Money managers continued to liquidate long positions in oil futures as the coronavirus outbreak batters oil demand, but the pace of selling slowed down again last week, for a third consecutive week.
According to exchanges data compiled by Reuters market analyst John Kemp, portfolio managers sold the equivalent of 16 million barrels in the six most important and most traded petroleum futures in the week to February 18.
Although last week was another week in which the net long position in petroleum futures dropped, hedge funds sold the fewest number of barrel equivalents for the past month since the coronavirus outbreak made headlines and started seriously affecting market sentiment over concerns about global oil demand.
The previous week to February 11 had already shown signs that although liquidation of longs continued, the pace of rising shorts slowed after the early market panic.
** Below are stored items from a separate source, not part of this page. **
text \<open>
  Let M_n(l) = E exp(l (X_n - mu_n)). Conditioning on the pivot u gives
  M_n(l) = (1/n) sum_u exp(l C_n(u)) M_{u-1}(l) M_{n-u}(l), where the centred toll
  C_n(u) = n - 1 + mu_{u-1} + mu_{n-u} - mu_n averages to 0 over u and is bounded by n + 1.
  Induction on n yields M_n(l) <= exp(phi(l (n + 1))) with phi(x) = 200 (exp|x| - 1 - |x|):
  splitting phi(l (n + 1)) into phi(l u) + phi(l (n + 1 - u)) leaves the cross term
  200 (exp a - 1)(exp b - 1), which pays for the toll (via a second order Taylor estimate
  when |l| (n + 1) is small, crudely when it is large). Chernoff's bound with
  l = ln ln n / (n + 1) then combines M_n(l), M_n(-l) <= n^200 with mu_n >= (n + 1)(2 ln n - 4).
\<close>

section \<open>The pivot recurrence and the centred toll\<close>

lemma finite_set_pmf_qs_comparisons: "finite (set_pmf (qs_comparisons n))"
proof (induction n rule: less_induct)
  case (less n)
  show ?case
  proof (cases n)
    case (Suc m)
    then have "u - 1 < n \<and> Suc m - u < n" if "u \<in> {1..Suc m}" for u
      using that by auto
    with Suc less show ?thesis
      by (auto simp del: qs_comparisons.simps simp add: qs_comparisons.simps(2))
  qed simp
qed

lemma expectation_bind_pmf_finite:
  fixes h :: "'b \<Rightarrow> real"
  assumes "finite (set_pmf p)" "\<And>x. x \<in> set_pmf p \<Longrightarrow> finite (set_pmf (f x))"
  shows "measure_pmf.expectation (p \<bind> f) h =
         measure_pmf.expectation p (\<lambda>x. measure_pmf.expectation (f x) h)"
  by (subst pmf_expectation_bind[of "set_pmf p"])
     (auto simp: integral_measure_pmf[of "set_pmf p"] assms)

definition qs_mgf :: "nat \<Rightarrow> real \<Rightarrow> real" where
  "qs_mgf n l = measure_pmf.expectation (qs_comparisons n) (\<lambda>x. exp (l * (real x - qs_mean n)))"

definition qs_toll :: "nat \<Rightarrow> nat \<Rightarrow> real" where
  "qs_toll n u = real n - 1 + qs_mean (u - 1) + qs_mean (n - u) - qs_mean n"

lemma qs_mgf_nonneg: "0 \<le> qs_mgf n l"
  unfolding qs_mgf_def by (rule integral_nonneg_AE) simp

lemma qs_mgf_0 [simp]: "qs_mgf 0 l = 1"
  by (simp add: qs_mgf_def qs_mean_def harm_def)

lemma qs_mgf_rec:
  assumes "n \<ge> 1"
  shows "qs_mgf n l =
    (\<Sum>u=1..n. exp (l * qs_toll n u) * qs_mgf (u - 1) l * qs_mgf (n - u) l) / real n"
proof -
  obtain m where n: "n = Suc m" using assms by (cases n) auto
  let ?h = "\<lambda>x. exp (l * (real x - qs_mean n))"
  have pivot: "measure_pmf.expectation (qs_comparisons (u - 1) \<bind>
         (\<lambda>a. qs_comparisons (n - u) \<bind> (\<lambda>b. return_pmf (a + b + m)))) ?h
      = exp (l * qs_toll n u) * qs_mgf (u - 1) l * qs_mgf (n - u) l" for u
  proof -
    have "?h (a + b + m) = exp (l * qs_toll n u) * exp (l * (real a - qs_mean (u - 1)))
            * exp (l * (real b - qs_mean (n - u)))" for a b
      unfolding mult_exp_exp qs_toll_def n by (simp add: algebra_simps)
    then show ?thesis
      by (simp add: expectation_bind_pmf_finite finite_set_pmf_qs_comparisons qs_mgf_def)
  qed
  have "qs_mgf n l = (\<Sum>u=1..n. measure_pmf.expectation (qs_comparisons (u - 1) \<bind>
         (\<lambda>a. qs_comparisons (n - u) \<bind> (\<lambda>b. return_pmf (a + b + m)))) ?h /\<^sub>R real n)"
    unfolding qs_mgf_def using qs_comparisons.simps(2)[of m]
    by (simp only: n) (subst pmf_expectation_bind_pmf_of_set, auto simp: finite_set_pmf_qs_comparisons)
  then show ?thesis unfolding pivot by (simp add: sum_distrib_left divide_inverse_commute)
qed

lemma harm_add_diff_le: "harm (j + m) - harm j \<le> (real m / (real j + 1) :: real)"
proof (induction m)
  case (Suc m)
  have "inverse (real (Suc (j + m))) \<le> 1 / (real j + 1)"
    by (simp add: inverse_eq_divide frac_le)
  with Suc show ?case by (simp add: harm_Suc add_divide_distrib)
qed simp

lemma harm_add_diff_ge:
  assumes "m \<ge> 1"
  shows "1 / real (j + m) \<le> (harm (j + m) - harm j :: real)"
proof -
  obtain m' where "m = Suc m'" using assms by (cases m) auto
  then have "harm (j + m) = harm (j + m') + (inverse (real (j + m)) :: real)"
    by (simp add: harm_Suc)
  moreover have "harm j \<le> (harm (j + m') :: real)" by (rule harm_mono) simp
  ultimately show ?thesis by (simp add: inverse_eq_divide)
qed

lemma qs_mean_Suc: "real (Suc n) * qs_mean (Suc n) = (real n + 2) * qs_mean n + 2 * real n"
  unfolding qs_mean_def by (simp add: harm_Suc field_simps)

lemma qs_mean_sum: "real n * qs_mean n = real n * (real n - 1) + 2 * (\<Sum>k<n. qs_mean k)"
proof (induction n)
  case (Suc n)
  then show ?case using qs_mean_Suc[of n] by (simp add: algebra_simps)
qed simp

lemma sum_qs_toll: "(\<Sum>u=1..n. qs_toll n u) = 0"
proof -
  have "(\<Sum>u=1..n. qs_mean (u - 1)) = (\<Sum>k<n. qs_mean k)"
    by (rule sum.reindex_bij_witness[where i="\<lambda>k. k + 1" and j="\<lambda>u. u - 1"]) auto
  moreover have "(\<Sum>u=1..n. qs_mean (n - u)) = (\<Sum>k<n. qs_mean k)"
    by (rule sum.reindex_bij_witness[where i="\<lambda>k. n - k" and j="\<lambda>u. n - u"]) auto
  ultimately show ?thesis
    using qs_mean_sum[of n] by (simp add: qs_toll_def sum.distrib sum_subtractf)
qed

lemma abs_qs_toll_le:
  assumes "u \<in> {1..n}"
  shows "\<bar>qs_toll n u\<bar> \<le> real n + 1"
proof -
  define j k where "j = u - 1" and "k = n - u"
  have n: "j + (k + 1) = n" "k + (j + 1) = n" using assms by (auto simp: j_def k_def)
  then have nr: "real n = real j + real k + 1" by linarith
  define X Y where "X = (real j + 1) * (harm n - harm j)" and "Y = (real k + 1) * (harm n - harm k)"
  have toll: "qs_toll n u = real n + 3 - 2 * (X + Y)"
    unfolding qs_toll_def qs_mean_def X_def Y_def j_def[symmetric] k_def[symmetric]
    using nr by (simp add: algebra_simps)
  have dj: "1 / real n \<le> harm n - harm j" "harm n - harm j \<le> real (k + 1) / (real j + 1)"
    using harm_add_diff_ge[where j=j and m="k + 1"] harm_add_diff_le[where j=j and m="k + 1"]
    unfolding n by simp_all
  have dk: "1 / real n \<le> harm n - harm k" "harm n - harm k \<le> real (j + 1) / (real k + 1)"
    using harm_add_diff_ge[where j=k and m="j + 1"] harm_add_diff_le[where j=k and m="j + 1"]
    unfolding n by simp_all
  have "X \<le> real k + 1" "Y \<le> real j + 1"
    using dj(2) dk(2) by (simp_all add: X_def Y_def field_simps)
  moreover have "(real j + 1) / real n \<le> X" "(real k + 1) / real n \<le> Y"
    using mult_left_mono[OF dj(1), of "real j + 1"] mult_left_mono[OF dk(1), of "real k + 1"]
    by (simp_all add: X_def Y_def)
  moreover have "1 \<le> (real j + 1) / real n + (real k + 1) / real n"
    unfolding add_divide_distrib[symmetric] using nr by (simp add: le_divide_eq)
  ultimately show ?thesis using nr by (simp add: toll abs_le_iff)
qed

lemma exp_le_quadratic:
  fixes y :: real
  assumes "\<bar>y\<bar> \<le> 1"
  shows "exp y \<le> 1 + y + y\<^sup>2"
proof (cases "y \<ge> 0")
  case True
  then show ?thesis using exp_bound[of y] assms by simp
next
  case False
  have "0 < y\<^sup>2" "-1 \<le> y" using False assms by (simp_all add: abs_le_iff)
  then have pos: "0 < 1 + y + y\<^sup>2" by linarith
  have "y ^ 3 < 0" using False by (simp add: power_less_zero_eq)
  then have "1 \<le> 1 - y ^ 3" by simp
  also have "\<dots> = (1 - y) * (1 + y + y\<^sup>2)" by (simp add: algebra_simps power2_eq_square power3_eq_cube)
  also have "\<dots> \<le> exp (- y) * (1 + y + y\<^sup>2)"
    using exp_ge_add_one_self[of "- y"] pos by (intro mult_right_mono) auto
  finally show ?thesis by (simp add: exp_minus field_simps)
qed

lemma sum_exp_neg_mult_le:
  fixes \<beta> :: real
  assumes "\<beta> > 0"
  shows "(\<Sum>u=1..n. exp (- \<beta> * real u)) \<le> 1 / \<beta>"
proof -
  define r where "r = exp (- \<beta>)"
  have r: "0 < r" "r < 1" using assms by (auto simp: r_def)
  have "(\<Sum>u=1..n. exp (- \<beta> * real u)) = (\<Sum>u=1..n. r ^ u)"
    by (simp add: r_def exp_of_nat_mult[symmetric] mult.commute)
  also have "\<dots> \<le> r / (1 - r)"
    using r by (auto simp: sum_gp intro: divide_right_mono)
  also have "\<dots> \<le> 1 / \<beta>"
  proof -
    have "r * (1 + \<beta>) \<le> r * exp \<beta>"
      using r exp_ge_add_one_self[of \<beta>] by (intro mult_left_mono) auto
    then have "r * (1 + \<beta>) \<le> 1" by (simp add: r_def exp_minus)
    then show ?thesis using r assms by (simp add: field_simps)
  qed
  finally show ?thesis .
qed

lemma sum_mult_diff_eq:
  "6 * (\<Sum>u=1..n. real u * (m - real u)) = real n * (real n + 1) * (3 * m - 2 * real n - 1)"
  by (induction n) (simp_all add: algebra_simps)

lemma exp_sub_cross_term_le_small:
  fixes s c a b :: real
  assumes s: "0 \<le> s" "s \<le> 1/2" and c: "\<bar>c\<bar> \<le> 1" and ab: "0 \<le> a" "0 \<le> b" "a + b = s"
  shows "exp (s * c - 200 * ((exp a - 1) * (exp b - 1))) \<le> 1 + s * c + s\<^sup>2 - 7 * (a * b)"
proof -
  define R where "R = 1 + s * c + s\<^sup>2"
  define P where "P = 200 * ((exp a - 1) * (exp b - 1))"
  have "4 * (a * b) \<le> s\<^sup>2"
    using ab(3) zero_le_power2[of "a - b"] by (auto simp: power2_eq_square algebra_simps)
  moreover have "s\<^sup>2 \<le> (1/2)\<^sup>2" using s by (intro power_mono) auto
  ultimately have ab16: "a * b \<le> 1/16" by (simp add: power2_eq_square)
  have "a \<le> exp a - 1" "b \<le> exp b - 1"
    using exp_ge_add_one_self[of a] exp_ge_add_one_self[of b] by linarith+
  then have "a * b \<le> (exp a - 1) * (exp b - 1)"
    using ab by (intro mult_mono) auto
  then have P: "200 * (a * b) \<le> P" by (simp add: P_def)
  have sc: "\<bar>s * c\<bar> \<le> s" using s c by (simp add: abs_mult mult_left_le)
  have "exp (s * c) \<le> 1 + s * c + (s * c)\<^sup>2"
    using exp_le_quadratic[of "s * c"] sc s by simp
  also have "(s * c)\<^sup>2 \<le> s\<^sup>2"
    using sc s by (metis abs_ge_zero power2_abs power_mono)
  finally have eR: "exp (s * c) \<le> R" by (simp add: R_def)
  have R: "1/2 \<le> R" using sc s zero_le_power2[of s] unfolding R_def abs_le_iff by linarith
  have P0: "0 \<le> P" using P ab mult_nonneg_nonneg[of a b] by linarith
  have eP: "exp (- P) \<le> 1 / (1 + P)"
    using exp_ge_add_one_self[of P] P0 by (simp add: exp_minus field_simps)
  \<comment> \<open>\<open>a b \<le> 1/16\<close> and \<open>P \<ge> 200 a b\<close> give \<open>P / (1 + P) \<ge> 14 a b\<close>,
    which with \<open>R \<ge> 1/2\<close> saves \<open>7 a b\<close>\<close>
  have "P * (1/8) \<le> P * (1 - 14 * (a * b))"
    using P0 ab16 by (intro mult_left_mono) auto
  then have "14 * (a * b) * (1 + P) \<le> P"
    using P mult_nonneg_nonneg[OF ab(1,2)] by (simp add: algebra_simps)
  then have q: "14 * (a * b) \<le> P / (1 + P)"
    using P0 by (simp add: field_simps)
  have "exp (s * c - P) = exp (s * c) * exp (- P)" by (simp add: exp_diff exp_minus field_simps)
  also have "\<dots> \<le> R * (1 / (1 + P))"
    using eR eP R by (intro mult_mono) auto
  also have "\<dots> = R - R * (P / (1 + P))" using P0 by (simp add: field_simps)
  also have "\<dots> \<le> R - (1/2) * (14 * (a * b))"
    using R q ab by (intro diff_left_mono mult_mono) auto
  finally show ?thesis by (simp add: R_def P_def)
qed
In the week to February 11, money managers sold the equivalent of 74 million barrels in the six most important petroleum contracts.
In the week to February 18, hedge funds and other money managers were net sellers of 16 million barrels of those contracts, according to the exchanges data crunched by Kemp.
“Funds cut bullish WTI crude oil bets by 27k lots while keeping the Brent long close to unchanged. The latter potentially in response to supply risks from Libya, Russia’s Rosneft and potential OPEC+ cuts,” Ole Hansen, Head of Commodity Strategy at Saxo Bank, said on Monday, commenting on the commitment of traders (COT) reports.
However, after the latest COT report with data until February 18, the market started panicking about an extended shock to global economic activity and oil demand as the coronavirus cases and deaths spread outside China, to South Korea, Japan, Iran, and Italy.